ACTIVITY
Pull out every line from the listing that has the word "assumes".

SUPPLIED MATERIAL
# # # #

(* Let $n\ge 2$ and $x\in\mathbb{R}^{n+1}$ with $|x|<1$, and let $f: S^n \to (0,\infty)$ be $f(y) = |y-x|$. Then, as symmetric 2-tensors on $S^n$, $$\frac{\nabla_{S^n}^2 f}{f} \geq -\frac{1}{4}\, g .$$ Equivalently, for every $y\in S^n$ and every unit vector $\theta\in\mathbb{R}^{n+1}$ with $\langle y,\theta\rangle = 0$, $$\frac{1}{|y-x|^2}\left(\langle x,y\rangle - \frac{\langle x,\theta\rangle^2}{|y-x|^2}\right) \geq -\frac14 .$$
   Context: $S^n\subset\mathbb{R}^{n+1}$ is the unit sphere with its canonical Riemannian metric $g$, and $\nabla_{S^n}^2$ denotes the Riemannian Hessian (with respect to the Levi-Civita connection of $g$) of a function on $S^n$. $\langle\cdot,\cdot\rangle$ and $|\cdot|$ are the Euclidean inner product and norm on $\mathbb{R}^{n+1}$. *)

theory Defs
  imports "HOL-Analysis.Analysis"
begin

text \<open>Unit sphere S^n in R^(n+1), with R^(n+1) modelled as real^'n, CARD('n) = n+1.\<close>

definition on_sphere :: "'a::real_normed_vector \<Rightarrow> bool" where
  "on_sphere y \<longleftrightarrow> norm y = 1"

definition sphere_geodesic :: "'a::real_inner \<Rightarrow> 'a \<Rightarrow> real \<Rightarrow> 'a" where
  "sphere_geodesic y v t = cos (t * norm v) *\<^sub>R y + sin (t * norm v) *\<^sub>R (v /\<^sub>R norm v)"

text \<open>Riemannian Hessian quadratic form of f at y in direction v (tangent):
  Hess f (v,v) = (f o exp_y(t v))''(0). Only values of f on the sphere are used.\<close>

definition sphere_hessian :: "('a::real_inner \<Rightarrow> real) \<Rightarrow> 'a \<Rightarrow> 'a \<Rightarrow> real" where
  "sphere_hessian f y v = deriv (deriv (\<lambda>t. f (sphere_geodesic y v t))) 0"

end

theory Submission
  imports Defs
begin

text \<open>Along the great circle through \<open>y\<close> in direction \<open>\<theta>\<close>, the squared distance to \<open>x\<close> is
  \<open>D(t) = 1 + |x|\<^sup>2 - 2(a cos t + b sin t)\<close> with \<open>a = \<langle>x,y\<rangle>\<close>, \<open>b = \<langle>x,\<theta>\<rangle>\<close>, and
  \<open>a\<^sup>2 + b\<^sup>2 \<le> |x|\<^sup>2\<close> by Bessel's inequality. Differentiating \<open>\<surd>D\<close> twice gives
  \<open>\<nabla>\<^sup>2f(\<theta>,\<theta>)/f = (a - b\<^sup>2/D)/D\<close> with \<open>D = D(0)\<close>, and this is at least \<open>-1/4\<close> because
  \<open>4(aD - b\<^sup>2) + D\<^sup>2 \<ge> 4aD - 4(|x|\<^sup>2 - a\<^sup>2) + D\<^sup>2 = (1 - |x|\<^sup>2)\<^sup>2\<close>.\<close>

lemma cauchy_schwarz_2:
  fixes c s a b :: real
  shows "(c * a + s * b)\<^sup>2 \<le> (c\<^sup>2 + s\<^sup>2) * (a\<^sup>2 + b\<^sup>2)"
proof -
  have "(c\<^sup>2 + s\<^sup>2) * (a\<^sup>2 + b\<^sup>2) - (c * a + s * b)\<^sup>2 = (c * b - s * a)\<^sup>2"
    by (simp add: power2_eq_square algebra_simps)
  thus ?thesis by (smt (verit) zero_le_power2)
qed

lemma trig_combination_le:
  fixes a b t :: real
  shows "a * cos t + b * sin t \<le> sqrt (a\<^sup>2 + b\<^sup>2)"
proof -
  have "(cos t * a + sin t * b)\<^sup>2 \<le> a\<^sup>2 + b\<^sup>2"
    using cauchy_schwarz_2[of "cos t" a "sin t" b] by simp
  hence "\<bar>a * cos t + b * sin t\<bar> \<le> sqrt (a\<^sup>2 + b\<^sup>2)"
    by (simp add: real_le_rsqrt mult.commute)
  thus ?thesis by simp
qed

lemma orthonormal_pair_bessel:
  fixes x y u :: "'a::real_inner"
  assumes "norm y = 1" "norm u = 1" "y \<bullet> u = 0"
  shows "(x \<bullet> y)\<^sup>2 + (x \<bullet> u)\<^sup>2 \<le> (norm x)\<^sup>2"
proof -
  have yy: "y \<bullet> y = 1" and uu: "u \<bullet> u = 1"
    using assms(1,2) by (simp_all add: power2_norm_eq_inner[symmetric])
  have "0 \<le> (norm (x - (x \<bullet> y) *\<^sub>R y - (x \<bullet> u) *\<^sub>R u))\<^sup>2" by simp
  also have "\<dots> = (norm x)\<^sup>2 - (x \<bullet> y)\<^sup>2 - (x \<bullet> u)\<^sup>2"
    using assms(3) unfolding power2_norm_eq_inner
    by (simp add: inner_diff_left inner_diff_right yy uu inner_commute algebra_simps
        power2_eq_square)
  finally show ?thesis by simp
qed

lemma hessian_quotient_lower_bound:
  fixes a b r D :: real
  assumes "a\<^sup>2 + b\<^sup>2 \<le> r\<^sup>2" "D = 1 + r\<^sup>2 - 2 * a" "D > 0"
  shows "(a - b\<^sup>2 / D) / D \<ge> -1/4"
proof -
  have "4 * a * D - 4 * b\<^sup>2 + D\<^sup>2 \<ge> 4 * a * D - 4 * (r\<^sup>2 - a\<^sup>2) + D\<^sup>2"
    using assms(1) by simp
  also have "4 * a * D - 4 * (r\<^sup>2 - a\<^sup>2) + D\<^sup>2 = (1 - r\<^sup>2)\<^sup>2"
    unfolding assms(2) by (simp add: power2_eq_square algebra_simps)
  finally have "4 * a * D - 4 * b\<^sup>2 + D\<^sup>2 \<ge> 0"
    by (smt (verit) zero_le_power2)
  moreover have "(a - b\<^sup>2 / D) / D = (a * D - b\<^sup>2) / D\<^sup>2"
    using assms(3) by (simp add: field_simps power2_eq_square)
  ultimately show ?thesis using assms(3) by (simp add: field_simps power2_eq_square)
qed

lemma second_deriv_sqrt_trig_at_0:
  fixes a b c w :: real
  assumes "2 * sqrt (a\<^sup>2 + b\<^sup>2) < c"
  shows "deriv (deriv (\<lambda>t. sqrt (c - 2 * (a * cos (t * w) + b * sin (t * w))))) 0
           = w\<^sup>2 * (a - b\<^sup>2 / (c - 2 * a)) / sqrt (c - 2 * a)"
proof -
  define q where "q t = c - 2 * (a * cos (t * w) + b * sin (t * w))" for t
  define N where "N t = w * (a * sin (t * w) - b * cos (t * w))" for t
  define N' where "N' t = w\<^sup>2 * (a * cos (t * w) + b * sin (t * w))" for t
  have q_pos: "q t > 0" for t
    unfolding q_def using assms trig_combination_le[of a "t * w" b] by argo
  have d_sqrt_q: "((\<lambda>t. sqrt (q t)) has_field_derivative N t / sqrt (q t)) (at t)" for t
  proof -
    have "(q has_field_derivative 2 * N t) (at t)"
      unfolding q_def N_def by (auto intro!: derivative_eq_intros simp: algebra_simps)
    from DERIV_real_sqrt[OF q_pos[of t]] this
    have "((\<lambda>t. sqrt (q t)) has_field_derivative inverse (sqrt (q t)) / 2 * (2 * N t)) (at t)"
      by (rule DERIV_chain2)
    thus ?thesis by (simp add: field_simps)
  qed
  hence first: "deriv (\<lambda>t. sqrt (q t)) = (\<lambda>t. N t / sqrt (q t))"
    using DERIV_imp_deriv by blast
  have "(N has_field_derivative N' t) (at t)" for t
    unfolding N_def N'_def
    by (auto intro!: derivative_eq_intros simp: algebra_simps power2_eq_square)
  hence "((\<lambda>t. N t / sqrt (q t)) has_field_derivative
           (N' 0 * sqrt (q 0) - N 0 * (N 0 / sqrt (q 0))) / (sqrt (q 0) * sqrt (q 0))) (at 0)"
    using q_pos[of 0] by (intro DERIV_divide d_sqrt_q) simp_all
  hence "deriv (deriv (\<lambda>t. sqrt (q t))) 0
           = (N' 0 * sqrt (q 0) - N 0 * (N 0 / sqrt (q 0))) / (sqrt (q 0) * sqrt (q 0))"
    unfolding first by (rule DERIV_imp_deriv)
  also have "\<dots> = w\<^sup>2 * (a - b\<^sup>2 / q 0) / sqrt (q 0)"
    using q_pos[of 0] unfolding N_def N'_def
    by (simp add: field_simps power2_eq_square)
  finally show ?thesis unfolding q_def by simp
qed

lemma norm_sphere_geodesic_minus:
  fixes x y v :: "'a::real_inner"
  assumes "norm y = 1" "y \<bullet> v = 0" "v \<noteq> 0"
  shows "norm (sphere_geodesic y v t - x) =
    sqrt (1 + (norm x)\<^sup>2 - 2 * ((x \<bullet> y) * cos (t * norm v) + (x \<bullet> (v /\<^sub>R norm v)) * sin (t * norm v)))"
proof -
  define u where "u = v /\<^sub>R norm v"
  have yy: "y \<bullet> y = 1" using assms(1) by (simp add: power2_norm_eq_inner[symmetric])
  have uu: "u \<bullet> u = 1" using assms(3) unfolding u_def
    by (simp add: power2_norm_eq_inner[symmetric] power2_eq_square)
  have yu: "y \<bullet> u = 0" "u \<bullet> y = 0" using assms(2) unfolding u_def by (simp_all add: inner_commute)
  have "(norm (sphere_geodesic y v t - x))\<^sup>2 =
      1 + (norm x)\<^sup>2 - 2 * ((x \<bullet> y) * cos (t * norm v) + (x \<bullet> u) * sin (t * norm v))"
    unfolding power2_norm_eq_inner sphere_geodesic_def u_def[symmetric]
    by (simp add: inner_diff_left inner_diff_right inner_add_left inner_add_right yy uu yu
        inner_commute algebra_simps power2_eq_square flip: distrib_left)
  thus ?thesis unfolding u_def by (metis real_sqrt_unique norm_ge_zero)
qed

lemma sphere_hessian_norm_minus_quotient_ge:
  fixes x y v :: "'a::real_inner"
  assumes "norm y = 1" "y \<bullet> v = 0" "norm x < 1"
  shows "sphere_hessian (\<lambda>z. norm (z - x)) y v / norm (y - x) \<ge> - (1/4) * (v \<bullet> v)"
proof (cases "v = 0")
  case True
  hence "sphere_geodesic y v = (\<lambda>t. y)" by (simp add: sphere_geodesic_def fun_eq_iff)
  thus ?thesis using True by (simp add: sphere_hessian_def)
next
  case False
  define u where "u = v /\<^sub>R norm v"
  define a where "a = x \<bullet> y"
  define b where "b = x \<bullet> u"
  define D where "D = 1 + (norm x)\<^sup>2 - 2 * a"
  have unit_u: "norm u = 1" "y \<bullet> u = 0"
    using False assms(2) by (simp_all add: u_def)
  have bessel: "a\<^sup>2 + b\<^sup>2 \<le> (norm x)\<^sup>2"
    unfolding a_def b_def by (rule orthonormal_pair_bessel[OF assms(1) unit_u])
  have "2 * sqrt (a\<^sup>2 + b\<^sup>2) < 1 + (norm x)\<^sup>2"
  proof -
    have "sqrt (a\<^sup>2 + b\<^sup>2) \<le> norm x" using bessel real_le_lsqrt by simp
    moreover have "0 < (1 - norm x)\<^sup>2" using assms(3) by simp
    ultimately show ?thesis by (simp add: power2_eq_square algebra_simps)
  qed
  hence hessian: "sphere_hessian (\<lambda>z. norm (z - x)) y v = (norm v)\<^sup>2 * (a - b\<^sup>2 / D) / sqrt D"
    using second_deriv_sqrt_trig_at_0[of a b "1 + (norm x)\<^sup>2" "norm v"]
    unfolding sphere_hessian_def norm_sphere_geodesic_minus[OF assms(1,2) False]
    by (simp add: a_def b_def D_def u_def)
  have "a \<le> sqrt (a\<^sup>2 + b\<^sup>2)" using trig_combination_le[of a 0 b] by simp
  hence D_pos: "D > 0"
    using \<open>2 * sqrt (a\<^sup>2 + b\<^sup>2) < _\<close> unfolding D_def by linarith
  have "norm (y - x) = sqrt D"
    using norm_sphere_geodesic_minus[OF assms(1,2) False, where x = x and t = 0]
    by (simp add: sphere_geodesic_def a_def D_def)
  hence "sphere_hessian (\<lambda>z. norm (z - x)) y v / norm (y - x) = (norm v)\<^sup>2 * ((a - b\<^sup>2 / D) / D)"
    using D_pos by (simp add: hessian field_simps)
  also have "\<dots> \<ge> (norm v)\<^sup>2 * (-1/4)"
    using hessian_quotient_lower_bound[OF bessel D_def D_pos] by (intro mult_left_mono) auto
  finally show ?thesis by (simp add: power2_norm_eq_inner)
qed

theorem mainTheorem2:
  fixes x :: "real ^ 'n"
  assumes "CARD('n) \<ge> 3"
    and "norm x < 1"
  shows "\<forall>y v. on_sphere y \<and> y \<bullet> v = 0 \<longrightarrow>
           sphere_hessian (\<lambda>z. norm (z - x)) y v / norm (y - x) \<ge> - (1/4) * (v \<bullet> v)"
  \<comment> \<open>The bound holds in every dimension.\<close>
  using sphere_hessian_norm_minus_quotient_ge[OF _ _ assms(2)] by (simp add: on_sphere_def)

end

# # # #

WRITTEN ANSWER
  assumes "norm y = 1" "norm u = 1" "y \<bullet> u = 0"
  assumes "a\<^sup>2 + b\<^sup>2 \<le> r\<^sup>2" "D = 1 + r\<^sup>2 - 2 * a" "D > 0"
  assumes "2 * sqrt (a\<^sup>2 + b\<^sup>2) < c"
  assumes "norm y = 1" "y \<bullet> v = 0" "v \<noteq> 0"
  assumes "norm y = 1" "y \<bullet> v = 0" "norm x < 1"
  assumes "CARD('n) \<ge> 3"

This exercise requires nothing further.